-- How to complete this task --
From the entries that follow, reproduce exactly and only the lines from the line with "of_int a' *\<^sub>R" to the line with "using e2 unfolding", endpoints included.

-- Available data --
lemma basis_mem_lattice_gen:
  "u \<in> lattice_gen u v" "v \<in> lattice_gen u v" "u + v \<in> lattice_gen u v" "u - v \<in> lattice_gen u v"
  using lattice_gen_mem[of 1 u 0 v] lattice_gen_mem[of 0 u 1 v]
    lattice_gen_mem[of 1 u 1 v] lattice_gen_mem[of 1 u "-1" v]
  by simp_all

lemma lattice_gen_uminus_right: "lattice_gen u (- v) = lattice_gen u v"
proof (intro equalityI subsetI)
  fix z assume "z \<in> lattice_gen u (- v)"
  then obtain a b :: int where "z = of_int a *\<^sub>R u + of_int b *\<^sub>R (- v)"
    by (rule lattice_gen_memE)
  then have "z = of_int a *\<^sub>R u + of_int (- b) *\<^sub>R v"
    by simp
  then show "z \<in> lattice_gen u v"
    by (simp only: lattice_gen_mem)
next
  fix z assume "z \<in> lattice_gen u v"
  then obtain a b :: int where "z = of_int a *\<^sub>R u + of_int b *\<^sub>R v"
    by (rule lattice_gen_memE)
  then have "z = of_int a *\<^sub>R u + of_int (- b) *\<^sub>R (- v)"
    by simp
  then show "z \<in> lattice_gen u (- v)"
    by (simp only: lattice_gen_mem)
qed

lemma linear_image_lattice_gen:
  assumes "linear f"
  shows "f ` lattice_gen u v = lattice_gen (f u) (f v)"
proof -
  have image: "f (of_int a *\<^sub>R u + of_int b *\<^sub>R v) = of_int a *\<^sub>R f u + of_int b *\<^sub>R f v" for a b
    using assms by (simp add: linear_add linear_scale)
  show ?thesis
  proof (intro equalityI subsetI)
    fix z assume "z \<in> f ` lattice_gen u v"
    then obtain a b :: int where "z = f (of_int a *\<^sub>R u + of_int b *\<^sub>R v)"
      by (auto elim: lattice_gen_memE)
    then show "z \<in> lattice_gen (f u) (f v)"
      by (simp add: image lattice_gen_mem)
  next
    fix z assume "z \<in> lattice_gen (f u) (f v)"
    then obtain a b :: int where "z = f (of_int a *\<^sub>R u + of_int b *\<^sub>R v)"
      unfolding image by (rule lattice_gen_memE)
    then show "z \<in> f ` lattice_gen u v"
      using lattice_gen_mem by blast
  qed
qed

lemma lattice_basis_abs_det2_eq:
  assumes "is_lattice_basis L u v" "is_lattice_basis L x y"
  shows "\<bar>det2 x y\<bar> = \<bar>det2 u v\<bar>"
proof -
  have D: "det2 u v \<noteq> 0" and L: "lattice_gen u v = lattice_gen x y"
    using assms by (auto simp: is_lattice_basis_def)
  have "x \<in> lattice_gen u v" "y \<in> lattice_gen u v"
    unfolding L by (rule basis_mem_lattice_gen)+
  then obtain a b c d :: int
    where "x = of_int a *\<^sub>R u + of_int b *\<^sub>R v" "y = of_int c *\<^sub>R u + of_int d *\<^sub>R v"
    by (elim lattice_gen_memE)
  then have e1: "det2 x y = of_int (a*d - b*c) * det2 u v"
    by (simp add: det2_lincomb)
  have "u \<in> lattice_gen x y" "v \<in> lattice_gen x y"
    unfolding L[symmetric] by (rule basis_mem_lattice_gen)+
  then obtain a' b' c' d' :: int
    where "u = of_int a' *\<^sub>R x + of_int b' *\<^sub>R y" "v = of_int c' *\<^sub>R x + of_int d' *\<^sub>R y"
    by (elim lattice_gen_memE)
  then have e2: "det2 u v = of_int (a'*d' - b'*c') * det2 x y"
    by (simp add: det2_lincomb)
  have "of_int ((a'*d' - b'*c') * (a*d - b*c)) * det2 u v = det2 u v"
    using e2 unfolding e1 by (simp add: mult.assoc)
  then have "(a'*d' - b'*c') * (a*d - b*c) = 1"
    using D by (simp only: mult_cancel_right2 of_int_eq_1_iff) simp
  then have "\<bar>a*d - b*c\<bar> = 1"
    by (auto simp: zmult_eq_1_iff)
  then have "\<bar>real_of_int (a*d - b*c)\<bar> = 1"
    by (metis of_int_1 of_int_abs)
  then show ?thesis
    using e1 by (simp add: abs_mult)
qed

-- Exercise solution --
    where "u = of_int a' *\<^sub>R x + of_int b' *\<^sub>R y" "v = of_int c' *\<^sub>R x + of_int d' *\<^sub>R y"
    by (elim lattice_gen_memE)
  then have e2: "det2 u v = of_int (a'*d' - b'*c') * det2 x y"
    by (simp add: det2_lincomb)
  have "of_int ((a'*d' - b'*c') * (a*d - b*c)) * det2 u v = det2 u v"
    using e2 unfolding e1 by (simp add: mult.assoc)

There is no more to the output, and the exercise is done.